-- Data to process --

(* Let $m\ge1$, $q=2^m$, let $n$ be odd, and let $L$ be a $2$-linear polynomial over $\mathbb F_{q^n}$. Then $\mathrm{Tr}(x^{q+1})+L(x)$ is a permutation polynomial of $\mathbb F_{q^n}$ if and only if $L^\prime(\ker\mathrm{Tr})=\ker\mathrm{Tr}$ and the map $x\mapsto L^\prime(x)+x^{1/2}$ induces an automorphism of the additive quotient group $\mathbb F_{q^n}/\ker\mathrm{Tr}$ (via $\ker\mathrm{Tr}+\alpha\mapsto\ker\mathrm{Tr}+L'(\alpha)+\alpha^{1/2}$).
   Context: $\mathrm{Tr}$ denotes the trace map of $\mathbb F_{q^n}$ over $\mathbb F_q$. A $2$-linear polynomial over $\mathbb F_{q^n}$ has the form $\sum_{j=0}^{mn-1}a_jx^{2^j}$, $a_j\in\mathbb F_{q^n}$; its adjoint is $L^\prime(x)=\sum_j(a_jx)^{2^{-j}}$, where $y\mapsto y^{2^{-j}}$ is the inverse of $y\mapsto y^{2^j}$ on $\mathbb F_{q^n}$; $x^{1/2}$ denotes the inverse of the automorphism $x\mapsto x^2$ of $\mathbb F_{q^n}$. Polynomials are regarded as maps on $\mathbb F_{q^n}$. *)

theory Defs
  imports Main
begin

definition tr :: "nat \<Rightarrow> nat \<Rightarrow> 'a::field \<Rightarrow> 'a" where
  "tr m n x = (\<Sum>i<n. x ^ ((2 ^ m) ^ i))"

definition ker_tr :: "nat \<Rightarrow> nat \<Rightarrow> 'a::field set" where
  "ker_tr m n = {x. tr m n x = 0}"

definition frob_inv :: "nat \<Rightarrow> 'a::field \<Rightarrow> 'a" where
  "frob_inv j y = (THE z. z ^ (2 ^ j) = y)"

definition sqrt2 :: "'a::field \<Rightarrow> 'a" where
  "sqrt2 y = (THE z. z ^ 2 = y)"

definition lin2 :: "nat \<Rightarrow> (nat \<Rightarrow> 'a::field) \<Rightarrow> 'a \<Rightarrow> 'a" where
  "lin2 N a x = (\<Sum>j<N. a j * x ^ (2 ^ j))"

definition lin2_adj :: "nat \<Rightarrow> (nat \<Rightarrow> 'a::field) \<Rightarrow> 'a \<Rightarrow> 'a" where
  "lin2_adj N a x = (\<Sum>j<N. frob_inv j (a j * x))"

definition coset :: "'a::ab_group_add set \<Rightarrow> 'a \<Rightarrow> 'a set" where
  "coset K a = (\<lambda>k. k + a) ` K"

definition quot :: "'a::ab_group_add set \<Rightarrow> 'a set set" where
  "quot K = range (coset K)"

definition induced :: "'a::ab_group_add set \<Rightarrow> ('a \<Rightarrow> 'a) \<Rightarrow> 'a set \<Rightarrow> 'a set" where
  "induced K \<phi> C = coset K (\<phi> (SOME a. C = coset K a))"

definition induces_automorphism :: "'a::ab_group_add set \<Rightarrow> ('a \<Rightarrow> 'a) \<Rightarrow> bool" where
  "induces_automorphism K \<phi> \<longleftrightarrow>
     (\<forall>a b. coset K a = coset K b \<longrightarrow> coset K (\<phi> a) = coset K (\<phi> b)) \<and>
     (\<forall>a b. coset K (\<phi> (a + b)) = coset K (\<phi> a + \<phi> b)) \<and>
     bij_betw (induced K \<phi>) (quot K) (quot K)"

end

theory Submission
  imports Defs "HOL-Computational_Algebra.Polynomial" "HOL-Number_Theory.Residues"
begin

(* Write q = 2^m, F = GF(q^n), S = {x. x^q = x} = GF(q) and K = ker Tr. For
   f x = Tr(x^(q+1)) + L x one has f (x + y) = f x + f y + Tr(x c(y)) with
   c(y) = y^q + y^(q^(n-1)); for odd n the kernel of c is exactly S, and Tr maps F
   onto S. Hence f is injective iff L maps no y outside S into S and
   g y = L y + y^2 has no nonzero root in S. Both conditions are then dualised with
   the trace form (x, y) \<mapsto> T(x y), T the absolute trace of F over GF(2): the
   orthogonal complement of S is K, and L' is adjoint to L and x^(1/2) to x^2. So the
   first condition becomes L'(K) = K and the second says that L' + x^(1/2) is
   injective, hence bijective, on F/K. *)

definition add_subgroup :: "'a::ab_group_add set \<Rightarrow> bool" where
  "add_subgroup V \<longleftrightarrow> 0 \<in> V \<and> (\<forall>x\<in>V. \<forall>y\<in>V. x + y \<in> V) \<and> (\<forall>x\<in>V. - x \<in> V)"

lemma add_subgroup_UNIV: "add_subgroup UNIV"
  by (simp add: add_subgroup_def)

lemma add_subgroup_diff:
  assumes "add_subgroup V" and "x \<in> V" and "y \<in> V"
  shows "x - y \<in> V"
  using assms unfolding add_subgroup_def by (metis diff_conv_add_uminus)

lemma add_subgroup_image:
  assumes "additive h" and "add_subgroup V"
  shows "add_subgroup (h ` V)"
  unfolding add_subgroup_def
proof (intro conjI ballI)
  show "0 \<in> h ` V"
    using assms additive.zero[of h] by (force simp: add_subgroup_def)
  fix x y assume "x \<in> h ` V" "y \<in> h ` V"
  then obtain u v where "u \<in> V" "v \<in> V" "x = h u" "y = h v"
    by blast
  with assms show "x + y \<in> h ` V" and "- x \<in> h ` V"
    by (auto simp: add_subgroup_def additive.add[symmetric] additive.minus[symmetric])
qed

-- What to work on --
Quote, without any change, each line from the one that contains "g y = L y + y^2" through the end of the material.

-- Result of this exercise --
   g y = L y + y^2 has no nonzero root in S. Both conditions are then dualised with
   the trace form (x, y) \<mapsto> T(x y), T the absolute trace of F over GF(2): the
   orthogonal complement of S is K, and L' is adjoint to L and x^(1/2) to x^2. So the
   first condition becomes L'(K) = K and the second says that L' + x^(1/2) is
   injective, hence bijective, on F/K. *)

definition add_subgroup :: "'a::ab_group_add set \<Rightarrow> bool" where
  "add_subgroup V \<longleftrightarrow> 0 \<in> V \<and> (\<forall>x\<in>V. \<forall>y\<in>V. x + y \<in> V) \<and> (\<forall>x\<in>V. - x \<in> V)"

lemma add_subgroup_UNIV: "add_subgroup UNIV"
  by (simp add: add_subgroup_def)

lemma add_subgroup_diff:
  assumes "add_subgroup V" and "x \<in> V" and "y \<in> V"
  shows "x - y \<in> V"
  using assms unfolding add_subgroup_def by (metis diff_conv_add_uminus)

lemma add_subgroup_image:
  assumes "additive h" and "add_subgroup V"
  shows "add_subgroup (h ` V)"
  unfolding add_subgroup_def
proof (intro conjI ballI)
  show "0 \<in> h ` V"
    using assms additive.zero[of h] by (force simp: add_subgroup_def)
  fix x y assume "x \<in> h ` V" "y \<in> h ` V"
  then obtain u v where "u \<in> V" "v \<in> V" "x = h u" "y = h v"
    by blast
  with assms show "x + y \<in> h ` V" and "- x \<in> h ` V"
    by (auto simp: add_subgroup_def additive.add[symmetric] additive.minus[symmetric])
qed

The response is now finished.